I received confirmation on Monday that we have made it onto the July prep group yay!!!! Our prep is only over 2 full days on the 12th & 19th July.  DH and I fly to Mexico on Monday for a 2 week holiday, we will be able to relax now knowing that when we come home we only have a fortnight to prep. It's really happening and I'm excited xx


----------



## flickJ

Oh, that's so exciting for you  I am so pleased. Enjoy your holiday and think of all the good things that are going to happen


----------



## Primmer

AdoptionDreams - that is great news, how exciting to know you have prep all booked for when you get back for holiday.


----------



## Mummy DIY Diva

Great news.  Where are you up to Flick any news when they'll get the new system sorted.  Really want you and me going through side by side x x x x


----------



## flickJ

So do I, Gwyneth, believe me   It's been a long road so far.

Received a letter inviting us to a meeting next wed 12th regarding the changes, hopefully this will be the start of things and we will at least be able to start the paperwork, medicals, checks etc.  

Best of luck for your prep course, I'll be thinking of you   I'm sure you will find it as enjoyable as I did


----------



## Lizard39

Hi Gwyneth & Flick - do you know when the new system kicks in & what the differences are? We start our prep course in early July & still don't know which system we'll be in! Though or LA said it won't too much different time wise as they have been operating to 6 months to Panel from accepting application for awhile.

Question to all those who have done Prep Group - can you please remind what it covers as hubby & I were talking about it last night and realised don't really know what to expect & what we should do to prepare.

Hope everyone is doing ok.

Lizard x


----------



## flickJ

Hi Lizard, As far as we know the changes come into effect on July 1st and everyone starting the process will be on the new timescales, whether that means from applying or Prep course I don't know   I am sure there are people on here that understand the process better. Hopefully, I will learn more on Wednesday but I guess every council may be different or maybe it has to be the same across the board?  

As for the prep course, when I took the course last year it was really, really interesting - we had a mixture of apprehension and excitment as we felt it was a bit of a leap in the dark, but learning more about the procedure, the children and what difficulties they have and what to expect. You get lots of information and .... yes, you may get homework ....... not really something you can be prepared for, but honesty is the best policy. I'm looking forward to doing it all over again but with a better outcome.


----------



## Mummy DIY Diva

The difference is that it has to be 4 months from official application to panel instead of 8. Not sure which we are doing yet first day of prep is Wed so I am guessing we'll get the low down then. Different authorities seem to be bringing it in at different times really. 

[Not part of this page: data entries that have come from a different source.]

(* Let $\kappa>0$ and consider one of the following reference solutions $t\mapsto e^{i\omega t}U_*$ of the system (H): (i) $\tau=-1$: $U_*=\frac{1}{\sqrt2}(1,-1)$, $\omega=\frac\kappa2-2$ (any $\kappa>0$); (ii) $\tau=+1$ and $0<\kappa<2$: $U_*=\frac{1}{\sqrt2}(1,1)$, $\omega=\frac\kappa2$; (iii) $\kappa>2$ and $\tau\in\{+1,-1\}$: $U_*=(\alpha_\tau,\beta_\tau)$, $\omega=\kappa-1$. Then in each case the reference solution is spectrally stable and orbitally stable.
   Context: Let $\kappa>0$. System (H) is the ODE system for $u=(u_0,u_1):\mathbb R\to\mathbb C^2$: $i u_0'=u_0-u_1-\kappa|u_0|^2u_0$, $\; i u_1'=u_1-u_0-\kappa|u_1|^2u_1$. For $\kappa>2$ and $\tau\in\{\pm1\}$ set $\alpha_\tau=\frac{\sqrt{\kappa+2}-\tau\sqrt{\kappa-2}}{2\sqrt\kappa}$, $\beta_\tau=\frac{\sqrt{\kappa+2}+\tau\sqrt{\kappa-2}}{2\sqrt\kappa}$. For real $U_*=(U_{*0},U_{*1})$ with $|U_{*0}|^2+|U_{*1}|^2=1$ and $\omega$ as listed, $t\mapsto e^{i\omega t}U_*$ solves (H). Linearization: writing $u_j=e^{i\omega t}(U_{*j}+v_j)$ and keeping linear terms gives $i v_j'=(1+\omega-\kappa U_{*j}^2)v_j-v_{1-j}-2\kappa U_{*j}^2\,\mathrm{Re}(v_j)$, $j=0,1$; with $v_j=q_j+ip_j$ this is $X'=\mathbb L X$ for $X=(q_0,p_0,q_1,p_1)\in\mathbb R^4$ and a real $4\times4$ matrix $\mathbb L$. The reference solution is spectrally stable if every eigenvalue of $\mathbb L$ has nonpositive real part, spectrally unstable otherwise. The reference solution is orbitally stable if for every $\epsilon>0$ there is $\delta>0$ such that every solution $u$ of (H) with $|u(0)-U_*|\le\delta$ satisfies $\inf_{\theta\in\mathbb R}|u(t)-e^{i\theta}U_*|\le\epsilon$ for all $t\ge0$; orbitally unstable otherwise. *)

theory Defs
  imports "HOL-Analysis.Analysis"
begin

text \<open>C^2 is modelled as complex \<times> complex, whose norm is the Euclidean norm.\<close>
definition solves_H :: "real \<Rightarrow> (real \<Rightarrow> complex \<times> complex) \<Rightarrow> bool" where
  "solves_H \<kappa> u \<longleftrightarrow> (\<forall>t. \<exists>d. (u has_vector_derivative d) (at t) \<and>
      \<i> * fst d = fst (u t) - snd (u t) - complex_of_real (\<kappa> * (cmod (fst (u t)))\<^sup>2) * fst (u t) \<and>
      \<i> * snd d = snd (u t) - fst (u t) - complex_of_real (\<kappa> * (cmod (snd (u t)))\<^sup>2) * snd (u t))"

definition alpha :: "real \<Rightarrow> real \<Rightarrow> real" where
  "alpha \<kappa> \<tau> = (sqrt (\<kappa> + 2) - \<tau> * sqrt (\<kappa> - 2)) / (2 * sqrt \<kappa>)"

definition beta :: "real \<Rightarrow> real \<Rightarrow> real" where
  "beta \<kappa> \<tau> = (sqrt (\<kappa> + 2) + \<tau> * sqrt (\<kappa> - 2)) / (2 * sqrt \<kappa>)"

definition lin_rhs :: "real \<Rightarrow> real \<Rightarrow> real \<times> real \<Rightarrow> complex \<times> complex \<Rightarrow> complex \<times> complex" where
  "lin_rhs \<kappa> \<omega> U v =
     (complex_of_real (1 + \<omega> - \<kappa> * (fst U)\<^sup>2) * fst v - snd v
        - complex_of_real (2 * \<kappa> * (fst U)\<^sup>2 * Re (fst v)),
      complex_of_real (1 + \<omega> - \<kappa> * (snd U)\<^sup>2) * snd v - fst v
        - complex_of_real (2 * \<kappa> * (snd U)\<^sup>2 * Re (snd v)))"

definition to_X :: "complex \<times> complex \<Rightarrow> real^4" where
  "to_X v = vector [Re (fst v), Im (fst v), Re (snd v), Im (snd v)]"

definition from_X :: "real^4 \<Rightarrow> complex \<times> complex" where
  "from_X X = (Complex (X$1) (X$2), Complex (X$3) (X$4))"

text \<open>The real 4x4 matrix L with X' = L X  (v' = -i G(v), written in real coordinates).\<close>
definition linL :: "real \<Rightarrow> real \<Rightarrow> real \<times> real \<Rightarrow> real^4^4" where
  "linL \<kappa> \<omega> U = matrix (\<lambda>X. to_X (let w = lin_rhs \<kappa> \<omega> U (from_X X) in (- \<i> * fst w, - \<i> * snd w)))"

Both with agencies this Wednesday Flick that's a good start to side by side travels through this. Hope your meeting comes with a prep date xxxx


----------



## ariellamcbella

Hi All...

Not sure about the changes, but with regards to prep we covered the legal framework, the impact of being a looked after child on development, effective techniques handle dilemmas and what the process entails and then what happens when the child(ren) comes to live with you (including what support is available). All this as a general overview as it cannot be tailored to specifics.

Not sure if that is what every agency covers but this is what was covered for us.

Hope that helps! x


----------



## Lizard39

I think you guys are right - process, timescales etc all depends which LA or VA you are with - crazy really!  

Thank you for sharing what was covered in prep group Flick & Bella - much appreciated.

Gwyneth - how'd you first day of prep go today? When is day 2? 

Hi to everyone


----------



## Mummy DIY Diva

First day was good really enjoyed it.  Day 2 is Wednesday next week which  I'm glad about because I am exhausted today x


----------



## flickJ

So pleased it all went well, it must be such a relief to have finally started out on your journey to be a mummy after waiting so patiently.


----------



## Lizard39

Hope everyone is ok & enjoying alittle warmer weather. We had a lovely day yesterday with all the family for 'fathers day' and I did say to hubby - OMG this time next year if we are really lucky & have a smooth process who knows he might be enjoying his first Father's Day or nearly there!  Same itch al l your lovely hubbies  

Prep Group for us under 2 weeks away now - and we are really looking forward to it. Assume the dress code is jeans & a pretty top? Apparently we get all the info next week. 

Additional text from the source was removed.